To a point. There is no way we can truly hold the loved one with us still. As Joan Didion writes at the end of her book about her year after her husband died suddenly and unexpectedly, The Year of Magical Thinking: “I realize as I write this that I do not want to finish this account…. I know why we try to keep the dead alive: we try to keep them alive in order to keep them with us. I also know that if we are to live ourselves there comes a point at which we must relinquish the dead, let them go, keep them dead. Let them become the photograph on the table.” (TYMT, p. 224-226)

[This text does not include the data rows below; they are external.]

definition wf_exchange :: "fkind \<Rightarrow> ('a, 'i, 'x, 'm, 'v) iexchange \<Rightarrow> bool" where
  "wf_exchange k E \<longleftrightarrow>
     (\<forall>i. Iset E i \<subseteq> Lset E i \<and> Crashed \<notin> Iset E i \<and> None \<in> Mset E i
        \<and> (Crashed \<in> Lset E i \<longleftrightarrow> k = KCrash)
        \<and> (\<forall>s\<in>Lset E i. \<forall>a j. mu E i s a j \<in> Mset E i)
        \<and> (\<forall>s\<in>Lset E i. \<forall>a ms. (\<forall>j. ms j \<in> Mset E j) \<longrightarrow> delta E i s a ms \<in> Lset E i)
        \<and> (\<forall>s\<in>Lset E i. s \<noteq> Crashed \<longrightarrow> (\<forall>a ms. (\<forall>j. ms j \<in> Mset E j) \<longrightarrow>
              delta E i s a ms \<noteq> Crashed
            \<and> linit (delta E i s a ms) = linit s
            \<and> ltime (delta E i s a ms) = Suc (ltime s))))"

type_synonym ('a, 'i, 'x, 'v) protocol = "'a \<Rightarrow> ('i, 'x) lstate \<Rightarrow> 'v action"

text \<open>Round k+1 of a run uses the adversary components at index k.\<close>
record ('a, 'i, 'x, 'm) adversary =
  Dt :: "nat \<Rightarrow> 'a \<Rightarrow> 'a \<Rightarrow> 'm msg \<Rightarrow> 'm msg"
  Dr :: "nat \<Rightarrow> 'a \<Rightarrow> 'a \<Rightarrow> 'm msg \<Rightarrow> 'm msg"
  Ds :: "'a \<Rightarrow> nat \<Rightarrow> ('i, 'x) lstate \<Rightarrow> ('i, 'x) lstate"

record ('e, 'a, 'i, 'x, 'm, 'v) fmodel =
  Le  :: "'e set"
  Ie  :: "'e set"
  de  :: "'e \<Rightarrow> ('a \<Rightarrow> 'v action) \<Rightarrow> 'e"
  Adv :: "('a, 'i, 'x, 'm) adversary set"

definition send_ok :: "('a, 'i, 'x, 'm, 'v) iexchange \<Rightarrow> ('a, 'i, 'x, 'm) adversary \<Rightarrow> nat \<Rightarrow> 'a \<Rightarrow> bool" where
  "send_ok E \<alpha> k i \<longleftrightarrow> (\<forall>j. \<forall>m\<in>Mset E i. Dt \<alpha> k i j m = m)"

definition recv_ok :: "('a, 'i, 'x, 'm, 'v) iexchange \<Rightarrow> ('a, 'i, 'x, 'm) adversary \<Rightarrow> nat \<Rightarrow> 'a \<Rightarrow> bool" where
  "recv_ok E \<alpha> k j \<longleftrightarrow> (\<forall>i. \<forall>m\<in>Mset E i. Dr \<alpha> k i j m = m)"

definition state_ok :: "('a, 'i, 'x, 'm, 'v) iexchange \<Rightarrow> ('a, 'i, 'x, 'm) adversary \<Rightarrow> nat \<Rightarrow> 'a \<Rightarrow> bool" where
  "state_ok E \<alpha> k i \<longleftrightarrow> (\<forall>s\<in>Lset E i. Ds \<alpha> i k s = s)"

definition faulty :: "('a, 'i, 'x, 'm, 'v) iexchange \<Rightarrow> ('a, 'i, 'x, 'm) adversary \<Rightarrow> nat \<Rightarrow> 'a \<Rightarrow> bool" where
  "faulty E \<alpha> k i \<longleftrightarrow> \<not> (send_ok E \<alpha> k i \<and> recv_ok E \<alpha> k i \<and> state_ok E \<alpha> k i)"

text \<open>Crash behaviour of agent i crashing in round k+1, only reaching agents outside J in that round.
  In the hard crash model (hard = True) its state becomes crashed from time k+1 on.\<close>
definition crash_behaviour :: "bool \<Rightarrow> ('a, 'i, 'x, 'm, 'v) iexchange \<Rightarrow> ('a, 'i, 'x, 'm) adversary \<Rightarrow> 'a \<Rightarrow> bool" where
  "crash_behaviour hard E \<alpha> i \<longleftrightarrow>
     (\<exists>k J.
        (\<forall>k'<k. send_ok E \<alpha> k' i)
      \<and> (\<forall>j. \<forall>m\<in>Mset E i. Dt \<alpha> k i j m = (if j \<in> J then None else m))
      \<and> (\<forall>k'>k. \<forall>j. \<forall>m\<in>Mset E i. Dt \<alpha> k' i j m = None)
      \<and> (if hard then (\<forall>k'<k. state_ok E \<alpha> k' i) \<and> (\<forall>k'\<ge>k. \<forall>s\<in>Lset E i. Ds \<alpha> i k' s = Crashed)
         else (\<forall>k'. state_ok E \<alpha> k' i)))"

definition correct_all :: "('a, 'i, 'x, 'm, 'v) iexchange \<Rightarrow> ('a, 'i, 'x, 'm) adversary \<Rightarrow> 'a \<Rightarrow> bool" where
  "correct_all E \<alpha> i \<longleftrightarrow> (\<forall>k. send_ok E \<alpha> k i \<and> recv_ok E \<alpha> k i \<and> state_ok E \<alpha> k i)"

definition send_omit :: "('a, 'i, 'x, 'm, 'v) iexchange \<Rightarrow> ('a, 'i, 'x, 'm) adversary \<Rightarrow> 'a \<Rightarrow> bool" where
  "send_omit E \<alpha> i \<longleftrightarrow> (\<forall>k j. \<forall>m\<in>Mset E i. Dt \<alpha> k i j m \<in> {m, None})"

definition recv_omit :: "('a, 'i, 'x, 'm, 'v) iexchange \<Rightarrow> ('a, 'i, 'x, 'm) adversary \<Rightarrow> 'a \<Rightarrow> bool" where
  "recv_omit E \<alpha> j \<longleftrightarrow> (\<forall>k i. \<forall>m\<in>Mset E i. Dr \<alpha> k i j m \<in> {m, None})"

definition adv_set :: "fkind \<Rightarrow> nat \<Rightarrow> ('a::finite, 'i, 'x, 'm, 'v) iexchange \<Rightarrow> ('a, 'i, 'x, 'm) adversary set" where
  "adv_set k t E = {\<alpha>. \<exists>C::'a set. card C \<le> t \<and> (\<forall>i. i \<notin> C \<longrightarrow> correct_all E \<alpha> i) \<and>
     (case k of
        KCrash \<Rightarrow> (\<forall>i j. recv_ok E \<alpha> i j) \<and> (\<forall>i\<in>C. crash_behaviour True E \<alpha> i)
      | KComCrash \<Rightarrow> (\<forall>i j. recv_ok E \<alpha> i j) \<and> (\<forall>i\<in>C. crash_behaviour False E \<alpha> i)
      | KSO \<Rightarrow> (\<forall>k i. recv_ok E \<alpha> k i \<and> state_ok E \<alpha> k i) \<and> (\<forall>i\<in>C. send_omit E \<alpha> i)
      | KRO \<Rightarrow> (\<forall>k i. send_ok E \<alpha> k i \<and> state_ok E \<alpha> k i) \<and> (\<forall>i\<in>C. recv_omit E \<alpha> i)
      | KGO \<Rightarrow> (\<forall>k i. state_ok E \<alpha> k i) \<and> (\<forall>i\<in>C. send_omit E \<alpha> i \<and> recv_omit E \<alpha> i))}"
lemma sum_ord_weight_coset:
  assumes C: "C \<in> carrier (G Mod Q)"
  shows "(\<Sum>g\<in>C. ord_weight r s (ord g)) = ord_weight r s (group.ord (G Mod Q) C) * coset_weight r s C"
proof -
  have "ord_weight r s (ord g) = ord_weight r s (group.ord (G Mod Q) C)
      * ord_weight r s (ord (g [^] group.ord (G Mod Q) C))" if "g \<in> C" for g
  proof -
    obtain h where h: "h \<in> carrier G" and C_eq: "C = Q #> h"
      using C by (auto simp: carrier_quotient RCOSETS_def)
    have g: "g \<in> carrier G" using that C_eq h Q_subset r_coset_subset_G by blast
    have "C = Q #> g" using repr_independence[OF _ h subgroup_Q] that C_eq by simp
    then show ?thesis using ord_split_by_coset[OF g] by (simp add: ord_weight_mult)
  qed
  then show ?thesis by (simp add: coset_weight_def sum_distrib_left)
qed

lemma R_sum_eq_sum_cosets:
  "R_sum G r s = (\<Sum>C\<in>carrier (G Mod Q). ord_weight r s (group.ord (G Mod Q) C) * coset_weight r s C)"
proof -
  have "R_sum G r s = (\<Sum>g\<in>\<Union>(rcosets Q). ord_weight r s (ord g))"
    using rcosets_part_G[OF subgroup_Q] by (simp add: R_sum_eq_sum_ord_weight)
  also have "\<dots> = (\<Sum>C\<in>rcosets Q. \<Sum>g\<in>C. ord_weight r s (ord g))"
    using cosets_finite[OF _ Q_subset finite_carrier] rcos_disjoint[OF subgroup_Q]
    by (subst sum.Union_disjoint) (auto simp: pairwise_def disjnt_def)
  also have "\<dots> = (\<Sum>C\<in>carrier (G Mod Q). ord_weight r s (group.ord (G Mod Q) C) * coset_weight r s C)"
    using sum_ord_weight_coset by (simp add: carrier_quotient)
  finally show ?thesis .
qed
lemma feasible_two_routes_distinct_times:
  assumes "finite_measure M" "measure M (space M) = total_flow 2 q" "total_flow 2 q \<noteq> 0"
    and offer: "offer_profile M 2 q t T" and "t 1 \<noteq> t 2"
  shows "feasible M 2 q t T"
proof -
  \<comment> \<open>Clamped because T lies between the times only a.e., while plans take values in
    [0, 1] everywhere.\<close>
  define p where "p = (\<lambda>i. max 0 (min 1 ((T i - t 2) / (t 1 - t 2))))"
  have flow: "total_flow 2 q = q 1 + q 2" by (simp add: total_flow_def sum_one_to_two)
  have p_AE: "AE i in M. p i = (T i - t 2) / (t 1 - t 2)"
    using offer_profile_two_routes_AE_between[OF offer]
  proof eventually_elim
    case (elim i)
    have "0 \<le> (T i - t 2) / (t 1 - t 2) \<and> (T i - t 2) / (t 1 - t 2) \<le> 1"
      using elim assms(5) by (cases "t 1 < t 2") (auto simp: divide_simps)
    then show ?case by (simp add: p_def)
  qed
  have T_measurable: "T \<in> borel_measurable M"
    using offer unfolding offer_profile_def by simp
  then have p_measurable: "p \<in> borel_measurable M" unfolding p_def by measurable
  have "(\<integral>i. p i \<partial>M) = (\<integral>i. (T i - t 2) / (t 1 - t 2) \<partial>M)"
    using p_AE p_measurable T_measurable by (intro integral_cong_AE) auto
  also have "\<dots> = ((\<integral>i. T i \<partial>M) - t 2 * measure M (space M)) / (t 1 - t 2)"
    using offer_profile_integrable[OF assms(1) offer]
    by (simp add: finite_measure.integrable_const[OF assms(1)])
  also have "\<dots> = q 1"
    using offer_profile_integral[OF offer assms(2,3)] assms(2,5) flow
    by (simp add: sum_one_to_two field_simps)
  finally have "assignment_plan M 2 q (\<lambda>i r. if r = 1 then p i else 1 - p i)"
    using assms(1,2) flow p_measurable by (intro assignment_plan_two_routesI) (auto simp: p_def)
  moreover have "induces M 2 t (\<lambda>i r. if r = 1 then p i else 1 - p i) T"
    unfolding induces_def using p_AE
    by eventually_elim (use assms(5) in \<open>simp add: sum_one_to_two field_simps\<close>)
  ultimately show ?thesis unfolding feasible_def by blast
qed

lemma feasible_two_routes:
  assumes "finite_measure M" "measure M (space M) = total_flow 2 q" "total_flow 2 q > 0"
    and "\<forall>r\<in>{1..2}. q r \<ge> 0" "offer_profile M 2 q t T"
  shows "feasible M 2 q t T"
proof (cases "t 1 = t 2")
  case True
  then show ?thesis by (rule feasible_two_routes_equal_times[OF assms])
next
  case False
  then show ?thesis
    using assms(3) by (intro feasible_two_routes_distinct_times[OF assms(1,2) _ assms(5)]) auto
qed

lemma two_route_plan_determined:
  assumes "t 1 \<noteq> t 2" "assignment_plan M 2 q \<mu>" "induces M 2 t \<mu> T"
  shows "AE i in M. \<mu> i 1 = (T i - t 2) / (t 1 - t 2) \<and> \<mu> i 2 = (t 1 - T i) / (t 1 - t 2)"
proof -
  have "AE i in M. \<mu> i 1 + \<mu> i 2 = 1 \<and> t 1 * \<mu> i 1 + t 2 * \<mu> i 2 = T i"
    using assms(2,3) unfolding assignment_plan_def induces_def
    by (auto simp: sum_one_to_two)
  then show ?thesis
  proof eventually_elim
    case (elim i)
    then have \<mu>2: "\<mu> i 2 = 1 - \<mu> i 1" by simp
    with elim have "(t 1 - t 2) * \<mu> i 1 = T i - t 2" by (simp add: algebra_simps)
    moreover have nonzero: "t 1 - t 2 \<noteq> 0" using assms(1) by simp
    ultimately have \<mu>1: "\<mu> i 1 = (T i - t 2) / (t 1 - t 2)" by (simp add: field_simps)
    have "\<mu> i 2 = (t 1 - T i) / (t 1 - t 2)"
      unfolding \<mu>2 \<mu>1 using nonzero by (simp add: field_simps)
    with \<mu>1 show ?case ..
  qed
qed

lemma two_route_plans_AE_eq:
  assumes "t 1 \<noteq> t 2"
    and "assignment_plan M 2 q \<mu>" "induces M 2 t \<mu> T"
    and "assignment_plan M 2 q \<mu>'" "induces M 2 t \<mu>' T"
  shows "AE i in M. \<forall>r\<in>{1..2}. \<mu> i r = \<mu>' i r"
  using two_route_plan_determined[OF assms(1-3)] two_route_plan_determined[OF assms(1,4,5)]
  by eventually_elim (auto simp: numeral_2_eq_2 le_Suc_eq)

lemma assignment_plan_zero_flow_AE:
  assumes "finite_measure M" "assignment_plan M R q \<mu>" "r \<in> {1..R}" "q r = 0"
  shows "AE i in M. \<mu> i r = 0"
proof -
  have "(\<integral>i. \<mu> i r \<partial>M) = 0" and "\<forall>i\<in>space M. 0 \<le> \<mu> i r"
    using assms(2-4) unfolding assignment_plan_def by auto
  then show ?thesis
    using integral_nonneg_eq_0_iff_AE[OF assignment_plan_integrable[OF assms(1-3)]] by auto
qed

lemma feasible_AE_ge_if_zero_flow:
  assumes "finite_measure M" "feasible M R q t T" "r\<^sub>0 \<in> {1..R}" "q r\<^sub>0 = 0"
    and "\<forall>r\<in>{1..R}. r \<noteq> r\<^sub>0 \<longrightarrow> c \<le> t r"
  shows "AE i in M. c \<le> T i"
proof -
  obtain \<mu> where plan: "assignment_plan M R q \<mu>" and induced: "induces M R t \<mu> T"
    using assms(2) unfolding feasible_def by blast
  have "AE i in M. \<mu> i r\<^sub>0 = 0 \<and> (\<Sum>r=1..R. \<mu> i r) = 1 \<and> (\<Sum>r=1..R. t r * \<mu> i r) = T i"
    using assignment_plan_zero_flow_AE[OF assms(1) plan assms(3,4)] plan induced
    unfolding assignment_plan_def induces_def by auto
  moreover have "AE i in M. i \<in> space M" by simp
  ultimately show ?thesis
  proof eventually_elim
    case (elim i)
    then have "c \<le> (\<Sum>r=1..R. t r * \<mu> i r)"
      using plan assms(5) unfolding assignment_plan_def by (intro convex_sum_ge) auto
    with elim show ?case by simp
  qed
qed

definition counterexample_flow :: "nat \<Rightarrow> real" where
  "counterexample_flow r = (if r = 2 then 1/2 else 0)"

definition counterexample_time :: "nat \<Rightarrow> real" where
  "counterexample_time r = real (min r 3)"

definition counterexample_offer :: "real \<Rightarrow> real \<Rightarrow> real" where
  "counterexample_offer a i = (if i \<in> {a..a+1/4} then 1 else 3)"

lemma total_flow_counterexample: "R \<ge> 2 \<Longrightarrow> total_flow R counterexample_flow = 1/2"
  unfolding total_flow_def counterexample_flow_def by (subst sum.delta) auto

To all this, the only thing I would add is: make the most of your time with those you love. Try to have as few regrets as possible. I cannot stress that enough, in this world that keeps us busy and asks so much of us. Make the most of your time with those you love and try to end up with as few regrets as possible. It’s a simple recommendation, but as many of us know, that doesn’t make it an easy one.
At most of the memorial services I do, I close with words like these:
We recommit ourselves to our lives and our work,
to the tragedy and miracle of love,
to the imperatives and grace of life.
It’s so often part of my conclusion because it is what we have. At times this feels inadequate to our longings and still it is no small thing to attempt. It is an act of courage. Live. Love. Mourn. Remember….Repeat. It is a simple, sobering, noble litany. We do it over and over again for those who grace our lives and leave us, and we can only hope that when our turn comes, others will do it for us. Amen.
Opening words:
Welcome to this community of faith, of love, of memory and of hope. This annual service is a beloved tradition where we remember those we have loved and lost from this community and from our own lives and hearts. How good to be together, especially for this, when we know that the bonds of relationship and care are such an important part of being able to move on from the death of one knew and cherished. So welcome, especially today, to every one of you, longtime member, newcomer, neighbor, friend. It is good to be together. May we make the very most of this day, starting now, together.
Chalice Lighting:
We kindle this chalice, and hallow this hour, with gratitude for the light of love that shines in our lives, indeed that shines brightest in the darkest time.
Chalice Extinguishing:
May our memories shine bright as our love. May they ease our hurt and loss. May we ease each others’ hurt and loss. In the end love is our greatest treasure – may we share it well.